The Night of the Night of the Affair Affair
By 1964, James Bond was a big, big deal at the movies. Dr. No had begat From Russia With Love, and Goldfinger was on the way.
American MOVIES weren't quite able to give us an American Bond -- Dean Martin as Matt Helm and James Coburn, somewhat better as Derek Flint -- were really spoofs at heart.
But American television got with the program and fast.
By the 1964-1965 TV season, NBC-TV debuted The Man From UNCLE, which while initially centered on one Bond-like agent (Robert Vaughn as Napoleon Solo...the name of a minor villain in Goldfinger) eventually became a spy buddy caper (Blond haired Brit David McCallum became one of many "Fifth Beatles" as friendly Russian Illya Kuryakin.)
By the 1965-1966 season the next year, CBS got into the act with a twist -- they put James Bond in the old 1880s West , called him James West(pretty direct copying, I'd say) and called it The Wild Wild West.
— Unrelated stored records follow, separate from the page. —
(* Let $L$ be the Kirchhoff matrix of a weighted digraph $\Gamma$, let $\varepsilon>0$ be such that $P=I-\varepsilon L$ is row stochastic, and let $P^{\infty}=\lim_{m\to\infty}\frac1m\sum_{i=1}^m P^i$ (Ces\`aro limit). Then $P^{\infty}=\bar J$, the normalized matrix of maximum out-forests of $\Gamma$.
   Context: A weighted digraph $\Gamma$ has vertex set $\{1,\dots,n\}$, no loops, and each arc $j\to i$ ($j\ne i$) has a positive weight $a_{ij}$; $a_{ij}=0$ if there is no such arc. Its Kirchhoff matrix $L=[\ell_{ij}]$ has $\ell_{ij}=-a_{ij}$ for $j\ne i$ and $\ell_{ii}=\sum_{k\ne i}a_{ik}$. An out-forest of $\Gamma$ is a spanning subgraph whose weak components are diverging trees (rooted directed trees with paths from the root to all vertices); a maximum out-forest is one with the maximum number of arcs. The weight of a subgraph is the product of its arc weights. The normalized matrix of maximum out-forests $\bar J$ has $\bar J_{ij}$ equal to the total weight of the maximum out-forests of $\Gamma$ in which $i$ belongs to the tree rooted at $j$, divided by the total weight of all maximum out-forests. *)

theory Defs
  imports "HOL-Analysis.Analysis"
begin

text \<open>Weighted digraph on the finite vertex type 'n, given by weights a i j \<ge> 0
  (arc j \<rightarrow> i iff a i j > 0, no loops).  An arc j \<rightarrow> i is the pair (j, i).\<close>

definition weighted_digraph :: "('n::finite \<Rightarrow> 'n \<Rightarrow> real) \<Rightarrow> bool" where
  "weighted_digraph a \<longleftrightarrow> (\<forall>i. a i i = 0) \<and> (\<forall>i j. a i j \<ge> 0)"

definition arcs :: "('n::finite \<Rightarrow> 'n \<Rightarrow> real) \<Rightarrow> ('n \<times> 'n) set" where
  "arcs a = {(j, i). j \<noteq> i \<and> a i j > 0}"

definition kirchhoff :: "('n::finite \<Rightarrow> 'n \<Rightarrow> real) \<Rightarrow> real^'n^'n" where
  "kirchhoff a = (\<chi> i j. if i = j then (\<Sum>k\<in>UNIV - {i}. a i k) else - a i j)"

definition row_stochastic :: "real^'n^'n::finite \<Rightarrow> bool" where
  "row_stochastic P \<longleftrightarrow> (\<forall>i j. P $ i $ j \<ge> 0) \<and> (\<forall>i. (\<Sum>j\<in>UNIV. P $ i $ j) = 1)"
Whereas Vaughn and McCallum were rather evenly matched heartthrobs(one skewing a little older for ladies, the other a little younger for girls), The Wild Wild West went a different route -- Robert Conrad as James West was more of a violent macho muscleman as the main spy, and Ross Martin became more of the "cerebral older sidekick" -- he could not match Conrad in looks but he could fight some and got pretty girls too. The Wild Wild West posited a fantasy that could match the jocks with the brains among boys and their friends. It was a friendly fantasy for boys of both brawn and brains.
The Man From UNCLE went a season earlier than The Wild Wild West, and established two gimmicks:
ONE: The title of each episode was "The SOMETHING Affair," to wit:
The Vulcan Affair
The Shark Affair
The Deadly Games Affair
The See Paris and Die Affair
...and, for an episode with Eddie Albert as a spy posing as evangelist Brother Love -- "The Love Affair."
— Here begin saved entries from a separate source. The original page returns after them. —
(* Let $G$ be a topological group and let $G'$ be a separated topological group, with separated completions $c\colon G\to\widehat{G}$ and $c'\colon G'\to\widehat{G'}$. Let $f_n\colon G\to G'$, $n\in\mathbb{N}$, be a sequence of homomorphisms of topological groups, let $\widetilde{f}_n=c'\circ f_n\colon G\to\widehat{G'}$, and let $\widehat{f}_n\colon\widehat{G}\to\widehat{G'}$ be the unique homomorphisms of topological groups with $\widehat{f}_n\circ c=\widetilde{f}_n$. If $(f_n)_n$ converges continuously to a homomorphism $f\colon G\to G'$, then $(\widetilde{f}_n)_n$ converges continuously to the homomorphism of topological groups $\widetilde{f}=c'\circ f$ and $(\widehat{f}_n)_n$ converges continuously to the homomorphism of topological groups $\widehat{f}\colon\widehat{G}\to\widehat{G'}$ determined by $\widehat{f}\circ c=\widetilde{f}$.
   Context: Topological groups are abelian groups with a linear topology admitting a countable fundamental system of neighbourhoods of $0$ consisting of open subgroups; homomorphisms of topological groups are continuous; separated means Hausdorff. The separated completion of $G$ is $\widehat{G}=\varprojlim_HG/H$ over open subgroups $H$ (each $G/H$ discrete), with inverse limit topology and canonical map $c$; every continuous homomorphism from $G$ to a complete group factors uniquely through $c$. A sequence of homomorphisms $f_n$ converges continuously to $f$ if every $f_n$ is continuous and for every $g\in G$ and open subgroup $H'$ of the target there exist an open subgroup $H$ of $G$ and $n_0$ such that $f_n(g+x)-f(g+x)\in H'$ for all $x\in H$, $n\ge n_0$. *)

theory Defs
  imports "HOL-Analysis.Analysis" "HOL-Algebra.Coset"
begin

definition open_subgroups :: "('a,'b) monoid_scheme \<Rightarrow> 'a topology \<Rightarrow> 'a set set" where
  "open_subgroups G T = {H. subgroup H G \<and> openin T H}"

text \<open>Linear topology with a countable fundamental system of neighbourhoods of the
identity consisting of open subgroups: a set is open iff it contains, with each of its
points x, a translate H x of some open subgroup H; and there is a sequence of open
subgroups cofinal among all open subgroups (hence among all neighbourhoods of 1).\<close>

definition lin_top_group :: "('a,'b) monoid_scheme \<Rightarrow> 'a topology \<Rightarrow> bool" where
  "lin_top_group G T \<longleftrightarrow>
     comm_group G \<and> topspace T = carrier G \<and>
     (\<forall>U. openin T U \<longleftrightarrow>
          U \<subseteq> carrier G \<and> (\<forall>x\<in>U. \<exists>H\<in>open_subgroups G T. H #>\<^bsub>G\<^esub> x \<subseteq> U)) \<and>
     (\<exists>B :: nat \<Rightarrow> 'a set. range B \<subseteq> open_subgroups G T \<and>
          (\<forall>H\<in>open_subgroups G T. \<exists>n. B n \<subseteq> H))"

definition top_hom ::
  "('a,'c) monoid_scheme \<Rightarrow> 'a topology \<Rightarrow> ('b,'d) monoid_scheme \<Rightarrow> 'b topology
     \<Rightarrow> ('a \<Rightarrow> 'b) \<Rightarrow> bool" where
  "top_hom G T G' T' f \<longleftrightarrow> f \<in> hom G G' \<and> continuous_map T T' f"

text \<open>Separated completion: the inverse limit of the discrete groups G/H over open
subgroups H, as a subgroup of the product, with the induced (inverse limit) topology.\<close>

definition compl_carrier :: "('a,'c) monoid_scheme \<Rightarrow> 'a topology \<Rightarrow> ('a set \<Rightarrow> 'a set) set" where
  "compl_carrier G T =
     {x \<in> (\<Pi>\<^sub>E H\<in>open_subgroups G T. rcosets\<^bsub>G\<^esub> H).
        \<forall>H\<in>open_subgroups G T. \<forall>K\<in>open_subgroups G T. K \<subseteq> H \<longrightarrow> x K \<subseteq> x H}"

definition compl :: "('a,'c) monoid_scheme \<Rightarrow> 'a topology \<Rightarrow> ('a set \<Rightarrow> 'a set) monoid" where
  "compl G T =
     \<lparr>carrier = compl_carrier G T,
      mult = (\<lambda>x y. \<lambda>H\<in>open_subgroups G T. x H <#>\<^bsub>G\<^esub> y H),
      one = (\<lambda>H\<in>open_subgroups G T. H)\<rparr>"

definition compl_top :: "('a,'c) monoid_scheme \<Rightarrow> 'a topology \<Rightarrow> ('a set \<Rightarrow> 'a set) topology" where
  "compl_top G T =
     subtopology
       (product_topology (\<lambda>H. discrete_topology (rcosets\<^bsub>G\<^esub> H)) (open_subgroups G T))
       (compl_carrier G T)"

definition compl_map :: "('a,'c) monoid_scheme \<Rightarrow> 'a topology \<Rightarrow> 'a \<Rightarrow> ('a set \<Rightarrow> 'a set)" where
  "compl_map G T g = (\<lambda>H\<in>open_subgroups G T. H #>\<^bsub>G\<^esub> g)"

definition conv_cont ::
  "('a,'c) monoid_scheme \<Rightarrow> 'a topology \<Rightarrow> ('b,'d) monoid_scheme \<Rightarrow> 'b topology
     \<Rightarrow> (nat \<Rightarrow> 'a \<Rightarrow> 'b) \<Rightarrow> ('a \<Rightarrow> 'b) \<Rightarrow> bool" where
  "conv_cont G T G' T' fs f \<longleftrightarrow>
     (\<forall>n. top_hom G T G' T' (fs n)) \<and>
     (\<forall>g\<in>carrier G. \<forall>H'\<in>open_subgroups G' T'. \<exists>H\<in>open_subgroups G T. \<exists>n0.
        \<forall>x\<in>H. \<forall>n\<ge>n0. fs n (g \<otimes>\<^bsub>G\<^esub> x) \<otimes>\<^bsub>G'\<^esub> inv\<^bsub>G'\<^esub> (f (g \<otimes>\<^bsub>G\<^esub> x)) \<in> H')"

end

theory Submission
  imports Defs
begin

text \<open>A point z of the completion is a compatible family of cosets z(H), H an open subgroup,
and the completion carries the inverse limit topology of the discrete groups G/H. Hence a map
into a completion is continuous as soon as its coordinates are locally constant, and every open
subgroup of a completion contains the kernel of a projection to some \<open>G'/K\<close>; so convergence
of \<open>c' \<circ> f\<^sub>n\<close> amounts to convergence of \<open>f\<^sub>n\<close> modulo each K. The limit f is continuous
because near each point it agrees modulo K with a continuous \<open>f\<^sub>n\<close>, and its extension
to the completion has K-coordinate \<open>K f(v)\<close> at z, for any v in \<open>z(f\<^sup>-\<^sup>1(K))\<close>.
For the extensions, continuous convergence gives for each K one open subgroup H such that
\<open>f\<^sub>n \<equiv> f\<close> modulo K uniformly on each coset of H for large n. As the image of G is dense
and the extensions are continuous, their K-coordinates at z are those of \<open>c'(f\<^sub>n(v))\<close> and
\<open>c'(f(v))\<close> for some v in the coset z(H), hence agree for large n, uniformly for z in a coset
of the kernel of the projection to G/H.\<close>

lemma conv_contD:
  assumes "conv_cont G T G2 T2 fs f"
  shows "top_hom G T G2 T2 (fs n)" "fs n \<in> hom G G2"
    and "g \<in> carrier G \<Longrightarrow> K \<in> open_subgroups G2 T2 \<Longrightarrow> \<exists>H\<in>open_subgroups G T. \<exists>n0.
           \<forall>x\<in>H. \<forall>n\<ge>n0. fs n (g \<otimes>\<^bsub>G\<^esub> x) \<otimes>\<^bsub>G2\<^esub> inv\<^bsub>G2\<^esub> f (g \<otimes>\<^bsub>G\<^esub> x) \<in> K"
  using assms unfolding conv_cont_def top_hom_def by blast+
A year later, not to be outdone, The Wild Wild West creators settled on their own episode title gimmick: "Night of the SOMETHING."
The Night of the Inferno
The Night of the Deadly Bed
The Night the Wizard Shook the Earth
If both series copycatted James Bond, the second one through the door(Wild, Wild West) rather copied the first (The Man From UNCLE) with its idea of a special kind of title motif.
But that wasn't all.
The Man From UNCLE (first) tended to fade out to each commercial on "blur" and then to fade in on the next scene after commercial with both a freeze frame and a few words from the script of the episode (ie "How do you propose to get out of this one?")
The Wild Wild West went for something more flashy. At the fade out to each commercial the last image of the scene would "freeze frame"(often a villain smiling) and the image would occupy one of four quarters of the credit screen. The final freeze frame of the episode was often -- but not always -- James West's private train chugging away from the foreground (a shot inspired, interestingly enough, by the final shot of John Ford's 1962 Western The Man Who Shot Liberty Valance."
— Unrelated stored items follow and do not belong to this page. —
(* Let $\mathcal{C}$ be a d-category and let $\omega,\psi$ be paths in $\mathcal{C}$ with $\omega\simeq\psi$. Then the track objects $\widehat\omega$ and $\widehat\psi$ are isomorphic as $\mathcal{C}$-automata.
   Context: A d-category is a small category $\mathcal{C}$ with wide subcategories $\mathcal{C}^+$ (formorphisms) and $\mathcal{C}^-$ (backmorphisms) such that an invertible $\varphi$ is in $\mathcal{C}^+$ iff $\varphi^{-1}\in\mathcal{C}^-$. A linear category is a bipointed d-category isomorphic to a finite (possibly empty) concatenation (gluing $\top$ of one to $\bot$ of the next) of $\mathbf S$ (one formorphism $\bot\to\top$), $\mathbf T$ (one backmorphism $\top\to\bot$), $\mathbf I$ (mutually inverse formorphism $\bot\to\top$ and backmorphism $\top\to\bot$). A path in $\mathcal{C}$ is a d-functor $\omega:\mathcal I\to\mathcal{C}$ from a linear category. Write $\omega\preceq\psi$ if there is a basepoint-preserving d-functor $F$ between their domains with $\psi\circ F=\omega$; $\simeq$ is the equivalence relation generated by $\preceq$. A $\mathcal{C}$-automaton is a presheaf $X:\mathcal{C}^{op}\to\mathbf{Set}$ with sets of start and accept elements; morphisms are presheaf maps preserving them. The track object of $\omega:\mathcal I\to\mathcal{C}$ is the automaton $\widehat\omega=\operatorname{colim}_{i\in\mathcal I}\mathcal{C}(-,\omega(i))$ with single start element the image of $\mathrm{id}_{\omega(\bot)}$ and single accept element the image of $\mathrm{id}_{\omega(\top)}$. *)

theory Defs
  imports Main
begin

text \<open>Comp C g f is the composite "g after f" (defined when Cod f = Dom g).\<close>
record ('o, 'm) cat =
  Obj  :: "'o set"
  Mor  :: "'m set"
  Dom  :: "'m \<Rightarrow> 'o"
  Cod  :: "'m \<Rightarrow> 'o"
  Id   :: "'o \<Rightarrow> 'm"
  Comp :: "'m \<Rightarrow> 'm \<Rightarrow> 'm"

definition hom :: "('o, 'm, 'z) cat_scheme \<Rightarrow> 'o \<Rightarrow> 'o \<Rightarrow> 'm set" where
  "hom C a b = {f \<in> Mor C. Dom C f = a \<and> Cod C f = b}"

definition category :: "('o, 'm, 'z) cat_scheme \<Rightarrow> bool" where
  "category C \<longleftrightarrow>
     (\<forall>f\<in>Mor C. Dom C f \<in> Obj C \<and> Cod C f \<in> Obj C) \<and>
     (\<forall>a\<in>Obj C. Id C a \<in> hom C a a) \<and>
     (\<forall>f\<in>Mor C. \<forall>g\<in>Mor C. Cod C f = Dom C g \<longrightarrow> Comp C g f \<in> hom C (Dom C f) (Cod C g)) \<and>
     (\<forall>f\<in>Mor C. Comp C (Id C (Cod C f)) f = f \<and> Comp C f (Id C (Dom C f)) = f) \<and>
     (\<forall>f\<in>Mor C. \<forall>g\<in>Mor C. \<forall>h\<in>Mor C. Cod C f = Dom C g \<longrightarrow> Cod C g = Dom C h \<longrightarrow>
        Comp C h (Comp C g f) = Comp C (Comp C h g) f)"

definition is_inverse :: "('o, 'm, 'z) cat_scheme \<Rightarrow> 'm \<Rightarrow> 'm \<Rightarrow> bool" where
  "is_inverse C f g \<longleftrightarrow> f \<in> Mor C \<and> g \<in> Mor C \<and> Dom C g = Cod C f \<and> Cod C g = Dom C f \<and>
     Comp C g f = Id C (Dom C f) \<and> Comp C f g = Id C (Cod C f)"

definition wide_subcat :: "('o, 'm, 'z) cat_scheme \<Rightarrow> 'm set \<Rightarrow> bool" where
  "wide_subcat C S \<longleftrightarrow> S \<subseteq> Mor C \<and> (\<forall>a\<in>Obj C. Id C a \<in> S) \<and>
     (\<forall>f\<in>S. \<forall>g\<in>S. Cod C f = Dom C g \<longrightarrow> Comp C g f \<in> S)"

definition "functor" ::
  "('o, 'm, 'z) cat_scheme \<Rightarrow> ('p, 'n, 'y) cat_scheme \<Rightarrow> ('o \<Rightarrow> 'p) \<Rightarrow> ('m \<Rightarrow> 'n) \<Rightarrow> bool" where
  "functor C D Fo Fm \<longleftrightarrow>
     (\<forall>a\<in>Obj C. Fo a \<in> Obj D) \<and>
     (\<forall>f\<in>Mor C. Fm f \<in> hom D (Fo (Dom C f)) (Fo (Cod C f))) \<and>
     (\<forall>a\<in>Obj C. Fm (Id C a) = Id D (Fo a)) \<and>
     (\<forall>f\<in>Mor C. \<forall>g\<in>Mor C. Cod C f = Dom C g \<longrightarrow> Fm (Comp C g f) = Comp D (Fm g) (Fm f))"

record ('o, 'm) dcat = "('o, 'm) cat" +
  Fwd :: "'m set"
  Bwd :: "'m set"

definition dcategory :: "('o, 'm, 'z) dcat_scheme \<Rightarrow> bool" where
  "dcategory C \<longleftrightarrow> category C \<and> wide_subcat C (Fwd C) \<and> wide_subcat C (Bwd C) \<and>
     (\<forall>f g. is_inverse C f g \<longrightarrow> (f \<in> Fwd C \<longleftrightarrow> g \<in> Bwd C))"

definition dfunctor ::
  "('o, 'm, 'z) dcat_scheme \<Rightarrow> ('p, 'n, 'y) dcat_scheme \<Rightarrow> ('o \<Rightarrow> 'p) \<Rightarrow> ('m \<Rightarrow> 'n) \<Rightarrow> bool" where
  "dfunctor C D Fo Fm \<longleftrightarrow> functor C D Fo Fm \<and> Fm ` Fwd C \<subseteq> Fwd D \<and> Fm ` Bwd C \<subseteq> Bwd D"

text \<open>Building blocks: SegS = S (one formorphism bot -> top), SegT = T (one backmorphism
 top -> bot), SegI = I (mutually inverse formorphism bot -> top and backmorphism top -> bot).
 The concatenation of a word ws of length n has objects 0..n (bot = 0, top = n, the k-th
 block glued between k and k+1).  Computing the glued (pushout) d-category explicitly:
 it is thin, with a (unique) morphism i -> j iff all blocks between i and j point the
 right way; morphisms i -> j with i <= j are formorphisms, those with j <= i backmorphisms.\<close>

datatype seg = SegS | SegT | SegI

definition larr :: "seg list \<Rightarrow> nat \<Rightarrow> nat \<Rightarrow> bool" where
  "larr ws i j \<longleftrightarrow> i \<le> length ws \<and> j \<le> length ws \<and>
     (\<forall>k. i \<le> k \<and> k < j \<longrightarrow> ws ! k \<noteq> SegT) \<and>
     (\<forall>k. j \<le> k \<and> k < i \<longrightarrow> ws ! k \<noteq> SegS)"

definition lin :: "seg list \<Rightarrow> (nat, nat \<times> nat) dcat" where
  "lin ws = \<lparr> Obj = {0..length ws},
             Mor = {(i, j). larr ws i j},
             Dom = fst, Cod = snd,
             Id = (\<lambda>i. (i, i)),
             Comp = (\<lambda>g f. (fst f, snd g)),
             Fwd = {(i, j). larr ws i j \<and> i \<le> j},
             Bwd = {(i, j). larr ws i j \<and> j \<le> i} \<rparr>"

text \<open>A path: a linear category (given by its word) together with a d-functor into C
 (object map and morphism map).  Bottom is 0, top is length ws.\<close>
type_synonym ('o, 'm) path = "seg list \<times> (nat \<Rightarrow> 'o) \<times> (nat \<times> nat \<Rightarrow> 'm)"

definition pword :: "('o, 'm) path \<Rightarrow> seg list" where "pword p = fst p"
definition pobj :: "('o, 'm) path \<Rightarrow> nat \<Rightarrow> 'o" where "pobj p = fst (snd p)"
definition pmor :: "('o, 'm) path \<Rightarrow> nat \<times> nat \<Rightarrow> 'm" where "pmor p = snd (snd p)"

definition is_path :: "('o, 'm, 'z) dcat_scheme \<Rightarrow> ('o, 'm) path \<Rightarrow> bool" where
  "is_path C p \<longleftrightarrow> dfunctor (lin (pword p)) C (pobj p) (pmor p)"

definition path_le :: "('o, 'm, 'z) dcat_scheme \<Rightarrow> ('o, 'm) path \<Rightarrow> ('o, 'm) path \<Rightarrow> bool" where
  "path_le C p q \<longleftrightarrow> is_path C p \<and> is_path C q \<and>
     (\<exists>Fo Fm. dfunctor (lin (pword p)) (lin (pword q)) Fo Fm \<and>
        Fo 0 = 0 \<and> Fo (length (pword p)) = length (pword q) \<and>
        (\<forall>x\<in>Obj (lin (pword p)). pobj q (Fo x) = pobj p x) \<and>
        (\<forall>u\<in>Mor (lin (pword p)). pmor q (Fm u) = pmor p u))"

definition path_equiv :: "('o, 'm, 'z) dcat_scheme \<Rightarrow> ('o, 'm) path \<Rightarrow> ('o, 'm) path \<Rightarrow> bool" where
  "path_equiv C = equivclp (path_le C)"

text \<open>A presheaf X on C: sets Elt X c and right action Act X f : X(Cod f) -> X(Dom f).
 Start/accept elements are elements of the presheaf, tagged with their object.\<close>
record ('o, 'm, 'x) automaton =
  Elt    :: "'o \<Rightarrow> 'x set"
  Act    :: "'m \<Rightarrow> 'x \<Rightarrow> 'x"
  Start  :: "('o \<times> 'x) set"
  Accept :: "('o \<times> 'x) set"

definition is_automaton :: "('o, 'm, 'z) cat_scheme \<Rightarrow> ('o, 'm, 'x) automaton \<Rightarrow> bool" where
  "is_automaton C X \<longleftrightarrow>
     (\<forall>f\<in>Mor C. \<forall>x\<in>Elt X (Cod C f). Act X f x \<in> Elt X (Dom C f)) \<and>
     (\<forall>a\<in>Obj C. \<forall>x\<in>Elt X a. Act X (Id C a) x = x) \<and>
     (\<forall>f\<in>Mor C. \<forall>g\<in>Mor C. Cod C f = Dom C g \<longrightarrow>
        (\<forall>x\<in>Elt X (Cod C g). Act X (Comp C g f) x = Act X f (Act X g x))) \<and>
     Start X \<subseteq> {(a, x). a \<in> Obj C \<and> x \<in> Elt X a} \<and>
     Accept X \<subseteq> {(a, x). a \<in> Obj C \<and> x \<in> Elt X a}"

definition aut_hom :: "('o, 'm, 'z) cat_scheme \<Rightarrow> ('o, 'm, 'x) automaton \<Rightarrow> ('o, 'm, 'y) automaton
     \<Rightarrow> ('o \<Rightarrow> 'x \<Rightarrow> 'y) \<Rightarrow> bool" where
  "aut_hom C X Y \<eta> \<longleftrightarrow>
     (\<forall>a\<in>Obj C. \<forall>x\<in>Elt X a. \<eta> a x \<in> Elt Y a) \<and>
     (\<forall>f\<in>Mor C. \<forall>x\<in>Elt X (Cod C f). \<eta> (Dom C f) (Act X f x) = Act Y f (\<eta> (Cod C f) x)) \<and>
     (\<forall>(a, x)\<in>Start X. (a, \<eta> a x) \<in> Start Y) \<and>
     (\<forall>(a, x)\<in>Accept X. (a, \<eta> a x) \<in> Accept Y)"

definition aut_iso :: "('o, 'm, 'z) cat_scheme \<Rightarrow> ('o, 'm, 'x) automaton \<Rightarrow> ('o, 'm, 'y) automaton \<Rightarrow> bool" where
  "aut_iso C X Y \<longleftrightarrow> (\<exists>\<eta> \<theta>. aut_hom C X Y \<eta> \<and> aut_hom C Y X \<theta> \<and>
     (\<forall>a\<in>Obj C. \<forall>x\<in>Elt X a. \<theta> a (\<eta> a x) = x) \<and>
     (\<forall>a\<in>Obj C. \<forall>y\<in>Elt Y a. \<eta> a (\<theta> a y) = y))"

text \<open>The colimit of representables colim_i C(-, \<omega> i), computed objectwise in Set:
 at object c it is the quotient of the disjoint union of the C(c, \<omega> i) (pairs (i, h))
 by the equivalence relation generated by (i, h) ~ (j, \<omega>(u) \<circ> h) for u : i -> j.\<close>

definition track_carrier :: "('o, 'm, 'z) cat_scheme \<Rightarrow> ('o, 'm) path \<Rightarrow> 'o \<Rightarrow> (nat \<times> 'm) set" where
  "track_carrier C p c = {(i, h). i \<in> Obj (lin (pword p)) \<and> h \<in> hom C c (pobj p i)}"

definition track_step :: "('o, 'm, 'z) cat_scheme \<Rightarrow> ('o, 'm) path \<Rightarrow> 'o \<Rightarrow> ((nat \<times> 'm) \<times> (nat \<times> 'm)) set" where
  "track_step C p c = {((i, h), (j, Comp C (pmor p u) h)) | i j h u.
      (i, h) \<in> track_carrier C p c \<and> u \<in> Mor (lin (pword p)) \<and>
      Dom (lin (pword p)) u = i \<and> Cod (lin (pword p)) u = j}"

definition track_rel :: "('o, 'm, 'z) cat_scheme \<Rightarrow> ('o, 'm) path \<Rightarrow> 'o \<Rightarrow> ((nat \<times> 'm) \<times> (nat \<times> 'm)) set" where
  "track_rel C p c = (track_step C p c \<union> (track_step C p c)\<inverse>)\<^sup>*"

definition track :: "('o, 'm, 'z) cat_scheme \<Rightarrow> ('o, 'm) path \<Rightarrow> ('o, 'm, (nat \<times> 'm) set) automaton" where
  "track C p = \<lparr>
     Elt = (\<lambda>c. if c \<in> Obj C then track_carrier C p c // track_rel C p c else {}),
     Act = (\<lambda>f X. track_rel C p (Dom C f) `` ((\<lambda>(i, h). (i, Comp C h f)) ` X)),
     Start = {(pobj p 0, track_rel C p (pobj p 0) `` {(0, Id C (pobj p 0))})},
     Accept = {(pobj p (length (pword p)),
                track_rel C p (pobj p (length (pword p))) ``
                  {(length (pword p), Id C (pobj p (length (pword p))))})} \<rparr>"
The end credits of Season One of The Man From UNCLE brought back freeze framed "highlight shots" from the episode before, but from Season Two on...they just went for a stills of Solo and Illya and their boss(owlish old Leo G. Carroll) and hot chicks from the breasts down.
The end credits of all seasons of The Wild Wild West reviewed the "four freeze frames" of each story, but that presentation changed over time: the first year was in black and white, the second year assigned a bright color to each frame (blue, yellow, red green) , but over time the budget required a fairly simple color drawing of each frame.
Still, BOTH series put a great credits theme over those end credits (four different versions for the four different seasons o The Man From UNCLE) and provided us young fans with exciting weekly memories for years to come...all done, after all, pretty much on minimal budgets on minimal soundstages (our young imaginations filled in the rest.)
Trends die. The spy trend died on TV(while Bond struggled on for awhile and came back at the movies) The Man From UNCLE , which started a season earlier than The Wild Wild West, ended a season earlier(mid-year yet, to be replaced by Laugh-In yet.) UNCLE was gone by 1968. The Wild Wild West, as if on schedule , by 1969. Spy shows died out, and in the 70's the Cop was King (Kojak, Columbo, The Streets of San Francisco, Starsky and Hutch, Police Story) along with the occasional private eye(Rockford, Harry O, elderly Banraby Jones and Corpulent Cannon.)
Times change, but The Man From UNCLE and The Wild Wild West are fabulous markers of a more fanciful and fun time for weekly action series.
PS. One more parallel: Season One of The Man From UNCLE was in black and white; the final three in color. Even with a "one year later" start, Season One of The Wild Wild West was in black and white, the final three in color. "A matched pair."